Transcription factor Sp8 also known as specificity protein 8 (SP-8) or Btd transcription factor (buttonhead) is a protein that in humans is encoded by the SP8 gene. Sp8 is a transcription factor in the Sp/KLF family.

Function 

Sp8 mediates limb outgrowth during early development. Sp8 deletion in mice resulted in severe exencephaly. Sp8 is a  zinc-finger transcription factor. The structural difference between Sp8 and Sp9 is only one amino acid. These transcription factors are Apical Ectodermal Ridge (AER) specific in limb development. The Apical Ectodermal Ridge signaling is important for specification of distal limb structures. Sp8 and Sp9 mediate Fgf10 signaling, which in turn regulates Fgf8 expression (Fgf10--->Fgf8). Fgf8 is essential for normal limb development, and without the presence of Fgf8 in early development, there would be a decreased length of the limb bud and possible failure of the limb tissue develop.
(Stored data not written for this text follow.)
text \<open>The minimal distances \<open>\<delta>\<^sub>i = min {N (x - G\<^sub>i x') | x, x' \<in> K}\<close> satisfy
  \<open>\<delta>\<^sub>i \<le> \<rho> \<delta>\<^sub>j\<close>, so they all vanish.\<close>
lemma contraction_forces_touching:
  fixes K :: "'a :: real_normed_vector set" and G :: "'i \<Rightarrow> 'a \<Rightarrow> 'a" and N :: "'a \<Rightarrow> real"
  assumes K: "compact K" "K \<noteq> {}" and X: "finite X"
    and N: "continuous_on UNIV N" "\<And>w. 0 \<le> N w" "\<And>w. N w = 0 \<Longrightarrow> w = 0" and "0 \<le> \<rho>" "\<rho> < 1"
    and G: "\<And>i. i \<in> X \<Longrightarrow> continuous_on UNIV (G i)"
    and step: "\<And>i. i \<in> X \<Longrightarrow> \<exists>j\<in>X. \<forall>p\<in>K. \<forall>q\<in>K. \<exists>x\<in>K. \<exists>x'\<in>K.
                  N (x - G i x') \<le> \<rho> * N (p - G j q)"
    and "i \<in> X"
  shows "\<exists>q\<in>K. G i q \<in> K"
proof -
  define f where "f i = (\<lambda>(x, x'). N (x - G i x'))" for i
  have "\<exists>xx\<in>K \<times> K. \<forall>yy\<in>K \<times> K. f i xx \<le> f i yy" if "i \<in> X" for i
  proof (rule continuous_attains_inf)
    show "compact (K \<times> K)" "K \<times> K \<noteq> {}" using K by (simp_all add: compact_Times)
    have "continuous_on UNIV (\<lambda>xx. fst xx - G i (snd xx))"
      by (intro continuous_intros continuous_on_compose2[OF G[OF that]]) auto
    then show "continuous_on (K \<times> K) (f i)" unfolding f_def case_prod_beta
      by (intro continuous_on_compose2[OF N(1)]) (auto intro: continuous_on_subset)
  qed
  then obtain m where m: "\<And>i. i \<in> X \<Longrightarrow> m i \<in> K \<times> K"
    "\<And>i yy. i \<in> X \<Longrightarrow> yy \<in> K \<times> K \<Longrightarrow> f i (m i) \<le> f i yy"
    by metis
  have \<delta>0: "f i (m i) = 0" if "i \<in> X" for i
  proof (rule finite_contraction_zero[OF X _ _ \<open>0 \<le> \<rho>\<close> \<open>\<rho> < 1\<close> that])
    show "0 \<le> f i (m i)" for i unfolding f_def using N(2) by (simp add: case_prod_beta)
    fix i assume i: "i \<in> X"
    obtain j where j: "j \<in> X" and st: "\<forall>p\<in>K. \<forall>q\<in>K. \<exists>x\<in>K. \<exists>x'\<in>K.
        N (x - G i x') \<le> \<rho> * N (p - G j q)" using step[OF i] by blast
    obtain p q where pq: "m j = (p, q)" "p \<in> K" "q \<in> K" using m(1)[OF j] by (cases "m j") auto
    then obtain x x' where x: "x \<in> K" "x' \<in> K" "N (x - G i x') \<le> \<rho> * N (p - G j q)"
      using st by blast
    have "f i (m i) \<le> f i (x, x')" using m(2)[OF i] x by auto
    also have "\<dots> \<le> \<rho> * f j (m j)" using x(3) pq unfolding f_def by simp
    finally show "\<exists>j\<in>X. f i (m i) \<le> \<rho> * f j (m j)" using j by blast
  qed
  obtain p q where pq: "m i = (p, q)" "p \<in> K" "q \<in> K" using m(1)[OF \<open>i \<in> X\<close>] by (cases "m i") auto
  have "N (p - G i q) = 0" using \<delta>0[OF \<open>i \<in> X\<close>] pq unfolding f_def by simp
  then have "p = G i q" using N(3) by fastforce
  then show ?thesis using pq by auto
qed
Both Sp8 and Sp9 have been found in vertebrates. Although, so far only Sp8 has been proven to be present in invertebrates too. Under lab conditions, Sp8 replaced btd in Drosophila, showing that Sp8 and btd both have similar functions in limb development in both vertebrates and invertebrates. Gene knockdown in zebrafish displayed that Fgf8 expression is necessary for appendage development.